In 1817 he had been granted  in the area of the present suburb of Redfern. The boundaries were approximately the present-day Cleveland, Regent, Redfern and Elizabeth Streets. The commodious home Redfern built on his land was considered to be a country house, surrounded by flower and kitchen gardens. His neighbours were John Baptist (at the  Darling Nursery in today's Chippendale) and Captain Cleveland, an officer of the 73rd regiment, remembered by today's street of that name, and before its demolition, by Cleveland House, his home.

The passing of the Sydney Slaughterhouses Act in 1849 brought other businesses to the district. This act banned abattoirs and noxious trades from the city. Tanners, wool scourers and wool-washers, fellmongers, boiling down works and abattoirs had ten years to move their businesses outside city boundaries. Many of the trades moved to Redfern and Waterloo - attracted by the water. The sand hills still existed but by the late 1850s Redfern was a flourishing suburb housing 6,500 people.

The Municipalities Act of 1858 gave districts the option of municipal incorporation. Public meetings were held and after a flurry of petitions Redfern Municipality was proclaimed on 11 August 1859, the fourth in Sydney to be formed under the Act. Redfern Town Hall opened in 1870 and the Albert Cricket Ground in 1864. Redfern Post Office came in 1882. The majority of houses in Redfern in the 1850s were of timber. From the 1850s market gardeners congregated in Alexandria south of McEvoy Street, around Shea's Creek and Bourke Road.

When Sydney's original railway terminus was built in the Cleveland Paddocks, which extended from Devonshire and Cleveland Streets to Chippendale, the station's name was chosen to honour William Redfern. The station was built of iron and the first stationmaster was a Mr Fielding. In 1874 the station was replaced by a brick and stone structure, covering two platforms. At that time the present Redfern station was known as Eveleigh, after a lovely old home standing on the western side of the railway line.

When Central railway station was built, on the site of the Devonshire Street cemetery, the name of Eveleigh Station was changed to Redfern. The name Eveleigh was retained for the huge railway workshops, just beyond the station, on the site of the original Hutchinson Estate.

All that remains of the Cleveland Paddocks is Prince Alfred Park, where the exhibition building was erected in 1870 for an inter-colonial exhibition opened by Governor Belmore, after whom Belmore Park was named, on 30 August 1870.

Redfern was the scene of the maiden trip of the first double-decker tram in 1879. It travelled between the old Redfern station to the corner of Hunter and Elizabeth Streets in the city. In 1885 the Sands Sydney Directory listed 54 market gardens. While many were worked by European-Australians, by the 1870s Chinese market gardeners had acquired leases in the district and a decade later were dominating the trade.

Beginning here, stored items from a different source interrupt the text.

text \<open>Vertex v of [N*M] is vertex offset M v of the block block M v, which consists of the
  M consecutive vertices (block M v - 1) * M + 1, ..., block M v * M.\<close>

definition block :: "nat \<Rightarrow> nat \<Rightarrow> nat" where
  "block M v = (v - 1) div M + 1"

definition offset :: "nat \<Rightarrow> nat \<Rightarrow> nat" where
  "offset M v = (v - 1) mod M + 1"

definition product_coloring ::
    "nat \<Rightarrow> (nat \<Rightarrow> nat \<Rightarrow> nat) \<Rightarrow> (nat \<Rightarrow> nat \<Rightarrow> nat) \<Rightarrow> nat \<Rightarrow> nat \<Rightarrow> nat" where
  "product_coloring M c1 c2 v w =
    (if block M v < block M w then c1 (block M v) (block M w) else c2 (offset M v) (offset M w))"

lemma block_in_range:
  assumes "M > 0" and "1 \<le> v" and "v \<le> N * M"
  shows "block M v \<in> {1..N}"
proof -
  have "v - 1 < N * M" using assms by simp
  then have "(v - 1) div M < N" by (simp add: less_mult_imp_div_less)
  then show ?thesis unfolding block_def by simp
qed

lemma offset_in_range: "M > 0 \<Longrightarrow> offset M v \<in> {1..M}"
  unfolding offset_def by (simp add: Suc_leI)

lemma block_mono: "v \<le> w \<Longrightarrow> block M v \<le> block M w"
  unfolding block_def by (simp add: div_le_mono)
(* Let $L$ be a finite-dimensional simple Lie algebra over a field $F$ such that every proper subalgebra of $L$ is triangulable on $L$. Then: (1) if $M$ is a maximal subalgebra of $L$, then either $M$ is abelian and no non-zero element of $M$ acts nilpotently on $L$, or $\mathrm{nil}(M)$ is a non-zero maximal nil subalgebra of $L$; (2) if $K$ is a non-zero maximal nil subalgebra of $L$, then the normalizer $N_L(K)$ of $K$ in $L$ is a maximal subalgebra of $L$; (3) for any two different maximal subalgebras $M_1,M_2$ of $L$, no non-zero element of $M_1\cap M_2$ acts nilpotently on $L$ (in particular, $M_1\cap M_2$ is abelian); (4) $L$ is two-generated.
   Context: A subalgebra $S$ of $L$ is triangulable on $L$ if $\mathrm{ad}_L S=\{\mathrm{ad}_L x\mid x\in S\}$ is a Lie algebra of linear transformations of $L$ which is simultaneously triangulable over the algebraic closure of $F$ (equivalently, every element of $S^2$ acts nilpotently on $L$). An element $x$ acts nilpotently on $L$ if $\mathrm{ad}_L x$ is nilpotent. A subalgebra is nil on $L$ if all its elements act nilpotently on $L$; a maximal nil subalgebra is a subalgebra nil on $L$ which is maximal (under inclusion) among subalgebras nil on $L$. For a subalgebra $S$, $\mathrm{nil}(S)$ is the unique maximal ideal of $S$ consisting of elements acting nilpotently on $L$. A Lie algebra is two-generated if it is generated as a Lie algebra by two of its elements. *)

theory Defs
  imports Main "HOL.Vector_Spaces"
begin

text \<open>A Lie algebra L is modelled as the whole type 'v, a vector space over the
field 'f (scalar multiplication scale), with Lie bracket br.\<close>

definition lie_algebra :: "('f::field \<Rightarrow> 'v::ab_group_add \<Rightarrow> 'v) \<Rightarrow> ('v \<Rightarrow> 'v \<Rightarrow> 'v) \<Rightarrow> bool" where
  "lie_algebra scale br \<longleftrightarrow> vector_space scale
     \<and> (\<forall>x y z. br (x + y) z = br x z + br y z)
     \<and> (\<forall>x y z. br x (y + z) = br x y + br x z)
     \<and> (\<forall>c x y. br (scale c x) y = scale c (br x y))
     \<and> (\<forall>c x y. br x (scale c y) = scale c (br x y))
     \<and> (\<forall>x. br x x = 0)
     \<and> (\<forall>x y z. br x (br y z) + br y (br z x) + br z (br x y) = 0)"

definition fin_dim :: "('f::field \<Rightarrow> 'v::ab_group_add \<Rightarrow> 'v) \<Rightarrow> bool" where
  "fin_dim scale \<longleftrightarrow> (\<exists>B. finite B \<and> module.span scale B = UNIV)"

definition lie_subalgebra :: "('f::field \<Rightarrow> 'v::ab_group_add \<Rightarrow> 'v) \<Rightarrow> ('v \<Rightarrow> 'v \<Rightarrow> 'v) \<Rightarrow> 'v set \<Rightarrow> bool" where
  "lie_subalgebra scale br S \<longleftrightarrow> module.subspace scale S \<and> (\<forall>x\<in>S. \<forall>y\<in>S. br x y \<in> S)"

definition lie_ideal :: "('f::field \<Rightarrow> 'v::ab_group_add \<Rightarrow> 'v) \<Rightarrow> ('v \<Rightarrow> 'v \<Rightarrow> 'v) \<Rightarrow> 'v set \<Rightarrow> 'v set \<Rightarrow> bool" where
  "lie_ideal scale br S I \<longleftrightarrow> I \<subseteq> S \<and> module.subspace scale I \<and> (\<forall>x\<in>S. \<forall>y\<in>I. br x y \<in> I)"

definition simple_lie :: "('f::field \<Rightarrow> 'v::ab_group_add \<Rightarrow> 'v) \<Rightarrow> ('v \<Rightarrow> 'v \<Rightarrow> 'v) \<Rightarrow> bool" where
  "simple_lie scale br \<longleftrightarrow> (\<exists>x y. br x y \<noteq> 0)
     \<and> (\<forall>I. lie_ideal scale br UNIV I \<longrightarrow> I = {0} \<or> I = UNIV)"

definition abelian :: "('v::ab_group_add \<Rightarrow> 'v \<Rightarrow> 'v) \<Rightarrow> 'v set \<Rightarrow> bool" where
  "abelian br S \<longleftrightarrow> (\<forall>x\<in>S. \<forall>y\<in>S. br x y = 0)"

definition acts_nilp :: "('v::ab_group_add \<Rightarrow> 'v \<Rightarrow> 'v) \<Rightarrow> 'v \<Rightarrow> bool" where
  "acts_nilp br x \<longleftrightarrow> (\<exists>n. \<forall>y. (br x ^^ n) y = 0)"

definition nil_on :: "('v::ab_group_add \<Rightarrow> 'v \<Rightarrow> 'v) \<Rightarrow> 'v set \<Rightarrow> bool" where
  "nil_on br S \<longleftrightarrow> (\<forall>x\<in>S. acts_nilp br x)"

definition derived :: "('f::field \<Rightarrow> 'v::ab_group_add \<Rightarrow> 'v) \<Rightarrow> ('v \<Rightarrow> 'v \<Rightarrow> 'v) \<Rightarrow> 'v set \<Rightarrow> 'v set" where
  "derived scale br S = module.span scale {br x y | x y. x \<in> S \<and> y \<in> S}"

definition triangulable :: "('f::field \<Rightarrow> 'v::ab_group_add \<Rightarrow> 'v) \<Rightarrow> ('v \<Rightarrow> 'v \<Rightarrow> 'v) \<Rightarrow> 'v set \<Rightarrow> bool" where
  "triangulable scale br S \<longleftrightarrow> (\<forall>x\<in>derived scale br S. acts_nilp br x)"

definition maximal_subalgebra :: "('f::field \<Rightarrow> 'v::ab_group_add \<Rightarrow> 'v) \<Rightarrow> ('v \<Rightarrow> 'v \<Rightarrow> 'v) \<Rightarrow> 'v set \<Rightarrow> bool" where
  "maximal_subalgebra scale br M \<longleftrightarrow> lie_subalgebra scale br M \<and> M \<noteq> UNIV
     \<and> (\<forall>N. lie_subalgebra scale br N \<and> M \<subseteq> N \<longrightarrow> N = M \<or> N = UNIV)"

definition maximal_nil_subalgebra :: "('f::field \<Rightarrow> 'v::ab_group_add \<Rightarrow> 'v) \<Rightarrow> ('v \<Rightarrow> 'v \<Rightarrow> 'v) \<Rightarrow> 'v set \<Rightarrow> bool" where
  "maximal_nil_subalgebra scale br K \<longleftrightarrow> lie_subalgebra scale br K \<and> nil_on br K
     \<and> (\<forall>N. lie_subalgebra scale br N \<and> nil_on br N \<and> K \<subseteq> N \<longrightarrow> N = K)"

definition nil_rad :: "('f::field \<Rightarrow> 'v::ab_group_add \<Rightarrow> 'v) \<Rightarrow> ('v \<Rightarrow> 'v \<Rightarrow> 'v) \<Rightarrow> 'v set \<Rightarrow> 'v set" where
  "nil_rad scale br S = (THE I. lie_ideal scale br S I \<and> nil_on br I
     \<and> (\<forall>J. lie_ideal scale br S J \<and> nil_on br J \<longrightarrow> J \<subseteq> I))"

definition normalizer :: "('v::ab_group_add \<Rightarrow> 'v \<Rightarrow> 'v) \<Rightarrow> 'v set \<Rightarrow> 'v set" where
  "normalizer br K = {x. \<forall>k\<in>K. br x k \<in> K}"

definition gen_subalgebra :: "('f::field \<Rightarrow> 'v::ab_group_add \<Rightarrow> 'v) \<Rightarrow> ('v \<Rightarrow> 'v \<Rightarrow> 'v) \<Rightarrow> 'v set \<Rightarrow> 'v set" where
  "gen_subalgebra scale br X = \<Inter>{S. lie_subalgebra scale br S \<and> X \<subseteq> S}"

definition two_generated :: "('f::field \<Rightarrow> 'v::ab_group_add \<Rightarrow> 'v) \<Rightarrow> ('v \<Rightarrow> 'v \<Rightarrow> 'v) \<Rightarrow> bool" where
  "two_generated scale br \<longleftrightarrow> (\<exists>a b. gen_subalgebra scale br {a, b} = UNIV)"

end

theory Submission
  imports Defs
begin

text \<open>
  The engine is Engel's theorem in a relative form: a nil subalgebra I kills a nonzero vector in
  every nonzero I-invariant subquotient of L. Consequently a nil subalgebra properly contained in
  another subalgebra N is properly contained in its normalizer within N, and the sum of two nil
  subalgebras, one normalizing the other, is again nil.

  For a proper subalgebra M of L, triangulability makes [M, M] nil, so nil(M) consists of all
  elements of M acting nilpotently on L. If M is maximal and nil(M) \<noteq> 0, simplicity of L forces
  N(nil(M)) = M, and the normalizer growth then shows that nil(M) is a maximal nil subalgebra;
  this gives (1) and (2). For (3), choose two different maximal subalgebras sharing a nonzero
  nilpotent element with dim(nil(M1) \<inter> nil(M2)) as large as possible; a maximal subalgebra
  containing the normalizer of I = nil(M1) \<inter> nil(M2) would have to coincide with both M1 and
  M2. Finally every nonzero x, nilpotent if possible, lies in a unique maximal subalgebra M (by
  (3), or because all maximal subalgebras are then abelian and the centralizer of x is proper),
  so x together with any y \<notin> M generates L.
\<close>

lemma lie_ideal_imp_subalgebra: "lie_ideal scale br S J \<Longrightarrow> lie_subalgebra scale br J"
  unfolding lie_ideal_def lie_subalgebra_def by blast

lemma maximal_subalgebraD:
  assumes "maximal_subalgebra scale br M"
  shows "lie_subalgebra scale br M" "M \<noteq> UNIV"
  using assms unfolding maximal_subalgebra_def by auto

lemma nil_on_subset: "nil_on br T \<Longrightarrow> S \<subseteq> T \<Longrightarrow> nil_on br S"
  unfolding nil_on_def by blast

locale fd_lie_algebra = finite_dimensional_vector_space scale Basis
  for scale :: "'f::field \<Rightarrow> 'v::ab_group_add \<Rightarrow> 'v" and Basis +
  fixes br :: "'v \<Rightarrow> 'v \<Rightarrow> 'v"
  assumes bracket_add_left: "br (x + y) z = br x z + br y z"
    and bracket_add_right: "br x (y + z) = br x y + br x z"
    and bracket_scale_left: "br (scale c x) y = scale c (br x y)"
    and bracket_scale_right: "br x (scale c y) = scale c (br x y)"
    and bracket_self: "br x x = 0"
    and jacobi: "br x (br y z) + br y (br z x) + br z (br x y) = 0"
begin

lemma bracket_zero_left [simp]: "br 0 y = 0"
  using bracket_add_left[of 0 0 y] by simp

lemma bracket_zero_right [simp]: "br y 0 = 0"
  using bracket_add_right[of y 0 0] by simp

lemma bracket_skew: "br x y = - br y x"
proof -
  have "br (x + y) (x + y) = br x x + br x y + (br y x + br y y)"
    by (simp add: bracket_add_left bracket_add_right add.assoc)
  then have "br x y + br y x = 0" by (simp add: bracket_self)
  then show ?thesis by (simp add: eq_neg_iff_add_eq_0)
qed

lemma bracket_neg_right: "br y (- x) = - br y x"
  using bracket_add_right[of y x "- x"] by (simp add: eq_neg_iff_add_eq_0 add.commute)

lemma bracket_derivation: "br h (br a u) = br (br h a) u + br a (br h u)"
proof -
  have "br h (br a u) + br a (br u h) + br u (br h a) = 0" by (rule jacobi)
  moreover have "br a (br u h) = - br a (br h u)" by (metis bracket_skew bracket_neg_right)
  moreover have "br u (br h a) = - br (br h a) u" by (rule bracket_skew)
  ultimately show ?thesis by (simp add: algebra_simps eq_neg_iff_add_eq_0)
qed

lemma bracket_swap_mem: "subspace W \<Longrightarrow> br x y \<in> W \<Longrightarrow> br y x \<in> W"
  by (metis bracket_skew subspace_neg)

lemma subspace_bracket_preimage_left: "subspace W \<Longrightarrow> subspace {x. br x u \<in> W}"
  by (rule subspaceI) (auto simp: bracket_add_left bracket_scale_left subspace_0 subspace_add subspace_scale)

lemma subspace_bracket_preimage_right: "subspace W \<Longrightarrow> subspace {x. br u x \<in> W}"
  by (rule subspaceI) (auto simp: bracket_add_right bracket_scale_right subspace_0 subspace_add subspace_scale)

lemma bracket_span_mem:
  assumes "\<And>x y. x \<in> X \<Longrightarrow> y \<in> Y \<Longrightarrow> br x y \<in> W" "subspace W" "x \<in> span X" "y \<in> span Y"
  shows "br x y \<in> W"
proof -
  have "br x' y \<in> W" if "x' \<in> X" for x'
    using span_induct[OF assms(4), of "\<lambda>y. br x' y \<in> W"]
      subspace_bracket_preimage_right[OF assms(2), of x'] assms(1) that by auto
  then show ?thesis
    using span_induct[OF assms(3), of "\<lambda>x. br x y \<in> W"]
      subspace_bracket_preimage_left[OF assms(2), of y] by auto
qed

lemma acts_nilp_scale: "acts_nilp br x \<Longrightarrow> acts_nilp br (scale c x)"
proof -
  have "(br (scale c x) ^^ n) y = scale (c ^ n) ((br x ^^ n) y)" for n y
    by (induction n) (auto simp: bracket_scale_left bracket_scale_right)
  then show "acts_nilp br x \<Longrightarrow> ?thesis" unfolding acts_nilp_def by auto
qed

lemma acts_nilp_zero: "acts_nilp br 0"
  unfolding acts_nilp_def by (rule exI[of _ 1]) simp

lemma nil_on_span_singleton: "acts_nilp br x \<Longrightarrow> nil_on br (span {x})"
  unfolding nil_on_def span_singleton using acts_nilp_scale by auto

lemma exists_max_dim: "P X \<Longrightarrow> \<exists>Y. P Y \<and> (\<forall>Z. P Z \<longrightarrow> dim Z \<le> dim Y)"
  using ex_has_greatest_nat[of P X dim "Suc dimension"] dim_subset_UNIV by (simp add: le_imp_less_Suc)

lemma dim_psubset_subspace: "subspace S \<Longrightarrow> subspace T \<Longrightarrow> S \<subset> T \<Longrightarrow> dim S < dim T"
  using dim_psubset[of S T] by (simp add: span_eq_iff[THEN iffD2])

lemma lie_subalgebra_zero: "lie_subalgebra scale br {0}"
  unfolding lie_subalgebra_def by simp

lemma lie_subalgebra_UNIV: "lie_subalgebra scale br UNIV"
  unfolding lie_subalgebra_def by simp

lemma lie_subalgebra_subspace: "lie_subalgebra scale br S \<Longrightarrow> subspace S"
  unfolding lie_subalgebra_def by blast

lemma lie_subalgebra_bracket: "lie_subalgebra scale br S \<Longrightarrow> x \<in> S \<Longrightarrow> y \<in> S \<Longrightarrow> br x y \<in> S"
  unfolding lie_subalgebra_def by blast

The Eveleigh complex in 1886 became one of the largest employers in the state. Redfern was an industrial working class suburb by the end of the 19th century. Reschs brewery and other factories attracted migrants. The Syrian/Lebanese community began settling around Redfern and Surry Hills by the 1880s.

Redfern railway station

In the early history of the New South Wales Government Railways, Redfern station was the frequently used but unofficial name of the principal Sydney terminus, a fact which has led to persistent confusion. That station, the first Sydney Terminal, was north of Cleveland Street, which is Redfern's northern boundary, and south of Devonshire Street. It opened on 26 September 1855 in an area known as Cleveland Fields which is now the railway corridor called Sydney Yard. This original 'Redfern' station comprised one wooden platform in a corrugated iron shed. As traffic increased the original station was replaced in 1874 by a brick building containing two platforms. This second station, the second Sydney Terminal which grew to 14 platforms, was designed for through traffic if the lines were extended in the city direction. This second station was found to be too far from the city centre, so a new station (the present Sydney Central station) was built to the north of Devonshire Street and opened on 4 August 1906. The 1874 station was soon demolished.

A station was opened in 1876  west of the original Redfern and called Eveleigh. In 1885 Eveleigh's platforms were reconstructed at the present Redfern site, and on 21 October 1906 this station was renamed Redfern. At the time it was named Eveleigh Station, as the main terminus for the Sydney line was then called Redfern and was located approximately halfway between the present Redfern Station and Central. The Eveleigh Station was opened to serve the new Eveleigh railway workshops, the first stage of which was completed in 1887, as well as the inner-city residential and industrial suburb of Redfern, one of Sydney's most high-density residential areas. By the 1940s, three-quarters of Sydney factory workers worked within a three-mile radius of Redfern Station, and many commuted to work by train.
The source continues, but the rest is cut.